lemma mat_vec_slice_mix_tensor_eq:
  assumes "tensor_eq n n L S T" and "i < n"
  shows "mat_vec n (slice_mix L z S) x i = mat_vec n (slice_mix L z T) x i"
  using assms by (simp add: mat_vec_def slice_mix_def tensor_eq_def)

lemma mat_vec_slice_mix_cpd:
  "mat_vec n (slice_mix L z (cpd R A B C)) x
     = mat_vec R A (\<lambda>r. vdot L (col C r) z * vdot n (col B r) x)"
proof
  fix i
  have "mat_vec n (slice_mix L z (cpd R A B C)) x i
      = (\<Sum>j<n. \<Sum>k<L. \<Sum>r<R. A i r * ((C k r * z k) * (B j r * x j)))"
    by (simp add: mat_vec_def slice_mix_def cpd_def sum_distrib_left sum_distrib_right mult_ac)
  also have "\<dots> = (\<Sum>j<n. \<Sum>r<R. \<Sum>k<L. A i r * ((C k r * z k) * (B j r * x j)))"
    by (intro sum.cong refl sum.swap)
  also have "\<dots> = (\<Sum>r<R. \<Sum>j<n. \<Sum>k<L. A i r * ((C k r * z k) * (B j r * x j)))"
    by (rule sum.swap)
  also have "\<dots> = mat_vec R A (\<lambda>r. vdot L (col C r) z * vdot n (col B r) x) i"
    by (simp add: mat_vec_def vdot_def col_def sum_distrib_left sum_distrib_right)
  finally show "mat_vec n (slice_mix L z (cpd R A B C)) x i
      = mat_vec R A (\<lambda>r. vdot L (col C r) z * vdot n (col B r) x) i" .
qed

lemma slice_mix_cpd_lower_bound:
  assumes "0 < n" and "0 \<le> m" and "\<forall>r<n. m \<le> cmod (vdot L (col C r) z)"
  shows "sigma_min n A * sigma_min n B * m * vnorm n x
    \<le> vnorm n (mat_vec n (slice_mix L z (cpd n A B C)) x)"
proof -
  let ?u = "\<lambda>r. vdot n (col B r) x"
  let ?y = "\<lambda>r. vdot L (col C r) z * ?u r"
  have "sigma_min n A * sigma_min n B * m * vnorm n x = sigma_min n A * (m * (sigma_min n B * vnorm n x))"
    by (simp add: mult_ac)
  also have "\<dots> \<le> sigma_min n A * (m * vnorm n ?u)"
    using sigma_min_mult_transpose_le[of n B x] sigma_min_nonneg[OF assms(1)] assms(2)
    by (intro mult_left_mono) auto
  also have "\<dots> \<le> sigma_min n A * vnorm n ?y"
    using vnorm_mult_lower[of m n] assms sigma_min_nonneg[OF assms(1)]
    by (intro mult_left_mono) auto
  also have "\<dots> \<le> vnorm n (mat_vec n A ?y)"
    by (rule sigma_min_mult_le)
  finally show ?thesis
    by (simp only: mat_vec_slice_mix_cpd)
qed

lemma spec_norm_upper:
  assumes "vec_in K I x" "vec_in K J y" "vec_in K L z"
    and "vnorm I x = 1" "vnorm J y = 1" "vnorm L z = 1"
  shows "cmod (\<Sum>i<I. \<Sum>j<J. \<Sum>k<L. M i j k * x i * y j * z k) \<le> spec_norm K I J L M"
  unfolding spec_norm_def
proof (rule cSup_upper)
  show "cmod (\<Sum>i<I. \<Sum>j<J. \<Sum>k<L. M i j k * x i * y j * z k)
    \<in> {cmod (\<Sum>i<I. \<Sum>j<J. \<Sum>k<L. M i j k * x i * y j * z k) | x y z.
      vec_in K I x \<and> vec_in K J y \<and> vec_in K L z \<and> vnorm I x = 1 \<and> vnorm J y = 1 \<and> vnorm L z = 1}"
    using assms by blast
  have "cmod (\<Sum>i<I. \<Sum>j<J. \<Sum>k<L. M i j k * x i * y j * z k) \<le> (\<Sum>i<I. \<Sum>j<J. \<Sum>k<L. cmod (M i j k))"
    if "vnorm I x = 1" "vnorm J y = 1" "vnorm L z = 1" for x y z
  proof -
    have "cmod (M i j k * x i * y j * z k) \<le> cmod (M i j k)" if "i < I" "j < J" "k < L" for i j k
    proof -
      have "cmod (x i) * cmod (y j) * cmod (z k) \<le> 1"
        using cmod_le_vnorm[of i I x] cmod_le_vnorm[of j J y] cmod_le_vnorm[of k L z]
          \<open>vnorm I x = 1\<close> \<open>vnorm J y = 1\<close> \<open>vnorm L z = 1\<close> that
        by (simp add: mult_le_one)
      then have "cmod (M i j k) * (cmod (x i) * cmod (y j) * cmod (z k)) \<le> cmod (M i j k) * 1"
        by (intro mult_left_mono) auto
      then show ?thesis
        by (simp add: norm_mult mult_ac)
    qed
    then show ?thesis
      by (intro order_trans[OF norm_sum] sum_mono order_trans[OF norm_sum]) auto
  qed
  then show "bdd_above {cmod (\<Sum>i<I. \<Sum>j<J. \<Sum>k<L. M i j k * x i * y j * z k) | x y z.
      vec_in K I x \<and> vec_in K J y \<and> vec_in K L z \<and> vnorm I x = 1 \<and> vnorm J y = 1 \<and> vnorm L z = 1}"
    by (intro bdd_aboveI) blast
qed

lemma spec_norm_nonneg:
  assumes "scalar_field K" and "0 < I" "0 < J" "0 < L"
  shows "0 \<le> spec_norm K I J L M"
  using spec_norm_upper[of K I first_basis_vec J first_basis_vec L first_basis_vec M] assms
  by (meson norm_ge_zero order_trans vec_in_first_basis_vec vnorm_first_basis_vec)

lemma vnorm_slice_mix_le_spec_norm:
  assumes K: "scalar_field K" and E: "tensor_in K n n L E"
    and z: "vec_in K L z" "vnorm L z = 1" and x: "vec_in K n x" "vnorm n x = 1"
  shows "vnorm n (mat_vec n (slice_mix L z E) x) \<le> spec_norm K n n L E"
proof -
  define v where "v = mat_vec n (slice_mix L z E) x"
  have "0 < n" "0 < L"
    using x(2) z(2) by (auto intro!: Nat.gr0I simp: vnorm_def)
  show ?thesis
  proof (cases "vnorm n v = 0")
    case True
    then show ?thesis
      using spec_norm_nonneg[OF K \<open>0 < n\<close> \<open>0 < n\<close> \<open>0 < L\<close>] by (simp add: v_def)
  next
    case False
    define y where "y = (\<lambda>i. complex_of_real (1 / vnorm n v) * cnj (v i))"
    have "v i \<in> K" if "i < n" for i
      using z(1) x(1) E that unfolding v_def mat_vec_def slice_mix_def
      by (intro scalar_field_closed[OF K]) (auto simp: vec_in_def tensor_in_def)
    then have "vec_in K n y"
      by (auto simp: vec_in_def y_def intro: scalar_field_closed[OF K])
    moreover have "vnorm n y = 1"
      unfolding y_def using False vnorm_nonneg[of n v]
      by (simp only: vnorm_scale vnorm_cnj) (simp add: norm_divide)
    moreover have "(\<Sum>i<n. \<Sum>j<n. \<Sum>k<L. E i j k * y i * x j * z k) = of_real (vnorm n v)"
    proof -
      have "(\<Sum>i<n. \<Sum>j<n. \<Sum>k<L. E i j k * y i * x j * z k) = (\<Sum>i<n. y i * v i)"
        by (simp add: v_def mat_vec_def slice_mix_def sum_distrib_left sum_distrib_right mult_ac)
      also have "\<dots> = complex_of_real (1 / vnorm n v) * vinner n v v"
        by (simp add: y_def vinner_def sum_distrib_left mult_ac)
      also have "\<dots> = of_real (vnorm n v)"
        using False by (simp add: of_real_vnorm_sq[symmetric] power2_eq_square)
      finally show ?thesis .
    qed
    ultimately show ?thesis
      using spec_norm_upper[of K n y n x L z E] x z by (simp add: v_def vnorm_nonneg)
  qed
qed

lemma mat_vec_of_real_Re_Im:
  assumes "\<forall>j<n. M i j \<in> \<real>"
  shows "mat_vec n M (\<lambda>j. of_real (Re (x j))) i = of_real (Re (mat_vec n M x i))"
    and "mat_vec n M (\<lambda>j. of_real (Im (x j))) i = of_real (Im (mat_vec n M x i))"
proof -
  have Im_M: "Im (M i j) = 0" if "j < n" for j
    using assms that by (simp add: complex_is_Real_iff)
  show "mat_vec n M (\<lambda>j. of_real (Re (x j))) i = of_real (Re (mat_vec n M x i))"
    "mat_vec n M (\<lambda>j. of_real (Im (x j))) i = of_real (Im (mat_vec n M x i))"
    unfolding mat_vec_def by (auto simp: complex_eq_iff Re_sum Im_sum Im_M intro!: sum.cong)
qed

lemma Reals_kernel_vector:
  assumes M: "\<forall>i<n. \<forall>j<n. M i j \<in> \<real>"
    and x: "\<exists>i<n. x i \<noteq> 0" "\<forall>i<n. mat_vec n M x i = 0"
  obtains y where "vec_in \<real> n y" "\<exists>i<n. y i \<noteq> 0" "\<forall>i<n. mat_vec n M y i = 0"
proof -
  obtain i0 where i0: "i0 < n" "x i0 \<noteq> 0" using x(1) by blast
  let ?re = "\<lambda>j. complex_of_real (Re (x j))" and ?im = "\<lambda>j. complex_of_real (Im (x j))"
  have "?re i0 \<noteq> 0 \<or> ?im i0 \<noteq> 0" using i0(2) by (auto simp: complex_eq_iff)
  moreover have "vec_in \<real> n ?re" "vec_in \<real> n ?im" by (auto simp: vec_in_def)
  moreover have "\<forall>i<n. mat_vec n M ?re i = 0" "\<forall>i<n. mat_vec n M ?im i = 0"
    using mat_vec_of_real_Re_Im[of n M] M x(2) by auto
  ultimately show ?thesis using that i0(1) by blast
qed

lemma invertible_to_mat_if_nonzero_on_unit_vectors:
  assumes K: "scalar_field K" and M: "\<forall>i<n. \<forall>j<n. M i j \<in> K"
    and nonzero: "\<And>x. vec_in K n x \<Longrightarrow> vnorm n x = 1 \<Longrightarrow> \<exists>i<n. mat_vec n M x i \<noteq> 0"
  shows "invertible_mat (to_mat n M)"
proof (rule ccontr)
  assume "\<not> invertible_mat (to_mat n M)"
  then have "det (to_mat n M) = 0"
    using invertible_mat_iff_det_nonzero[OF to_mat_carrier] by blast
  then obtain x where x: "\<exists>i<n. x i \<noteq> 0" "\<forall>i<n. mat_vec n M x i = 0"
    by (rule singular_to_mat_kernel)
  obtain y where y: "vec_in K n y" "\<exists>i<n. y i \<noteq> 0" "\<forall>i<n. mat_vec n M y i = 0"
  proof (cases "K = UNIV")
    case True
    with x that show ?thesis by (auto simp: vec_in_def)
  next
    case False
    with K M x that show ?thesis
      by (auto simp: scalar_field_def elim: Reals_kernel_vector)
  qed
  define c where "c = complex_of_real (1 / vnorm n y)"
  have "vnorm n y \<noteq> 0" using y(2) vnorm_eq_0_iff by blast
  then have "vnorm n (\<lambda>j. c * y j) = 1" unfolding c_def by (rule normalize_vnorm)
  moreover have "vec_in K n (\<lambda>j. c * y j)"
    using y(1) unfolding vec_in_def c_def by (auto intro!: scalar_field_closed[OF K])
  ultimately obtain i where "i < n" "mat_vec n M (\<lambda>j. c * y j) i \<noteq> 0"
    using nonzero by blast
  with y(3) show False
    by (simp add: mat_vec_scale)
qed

======

Action item: Looking at the data above, return every line from the one with "(\<Sum>r<R. \<Sum>j<n. \<Sum>k<L." down to the one with "k) \<le> (\<Sum>i<I.", exactly and inclusively.

Worked solution:
  also have "\<dots> = (\<Sum>r<R. \<Sum>j<n. \<Sum>k<L. A i r * ((C k r * z k) * (B j r * x j)))"
    by (rule sum.swap)
  also have "\<dots> = mat_vec R A (\<lambda>r. vdot L (col C r) z * vdot n (col B r) x) i"
    by (simp add: mat_vec_def vdot_def col_def sum_distrib_left sum_distrib_right)
  finally show "mat_vec n (slice_mix L z (cpd R A B C)) x i
      = mat_vec R A (\<lambda>r. vdot L (col C r) z * vdot n (col B r) x) i" .
qed

lemma slice_mix_cpd_lower_bound:
  assumes "0 < n" and "0 \<le> m" and "\<forall>r<n. m \<le> cmod (vdot L (col C r) z)"
  shows "sigma_min n A * sigma_min n B * m * vnorm n x
    \<le> vnorm n (mat_vec n (slice_mix L z (cpd n A B C)) x)"
proof -
  let ?u = "\<lambda>r. vdot n (col B r) x"
  let ?y = "\<lambda>r. vdot L (col C r) z * ?u r"
  have "sigma_min n A * sigma_min n B * m * vnorm n x = sigma_min n A * (m * (sigma_min n B * vnorm n x))"
    by (simp add: mult_ac)
  also have "\<dots> \<le> sigma_min n A * (m * vnorm n ?u)"
    using sigma_min_mult_transpose_le[of n B x] sigma_min_nonneg[OF assms(1)] assms(2)
    by (intro mult_left_mono) auto
  also have "\<dots> \<le> sigma_min n A * vnorm n ?y"
    using vnorm_mult_lower[of m n] assms sigma_min_nonneg[OF assms(1)]
    by (intro mult_left_mono) auto
  also have "\<dots> \<le> vnorm n (mat_vec n A ?y)"
    by (rule sigma_min_mult_le)
  finally show ?thesis
    by (simp only: mat_vec_slice_mix_cpd)
qed

lemma spec_norm_upper:
  assumes "vec_in K I x" "vec_in K J y" "vec_in K L z"
    and "vnorm I x = 1" "vnorm J y = 1" "vnorm L z = 1"
  shows "cmod (\<Sum>i<I. \<Sum>j<J. \<Sum>k<L. M i j k * x i * y j * z k) \<le> spec_norm K I J L M"
  unfolding spec_norm_def
proof (rule cSup_upper)
  show "cmod (\<Sum>i<I. \<Sum>j<J. \<Sum>k<L. M i j k * x i * y j * z k)
    \<in> {cmod (\<Sum>i<I. \<Sum>j<J. \<Sum>k<L. M i j k * x i * y j * z k) | x y z.
      vec_in K I x \<and> vec_in K J y \<and> vec_in K L z \<and> vnorm I x = 1 \<and> vnorm J y = 1 \<and> vnorm L z = 1}"
    using assms by blast
  have "cmod (\<Sum>i<I. \<Sum>j<J. \<Sum>k<L. M i j k * x i * y j * z k) \<le> (\<Sum>i<I. \<Sum>j<J. \<Sum>k<L. cmod (M i j k))"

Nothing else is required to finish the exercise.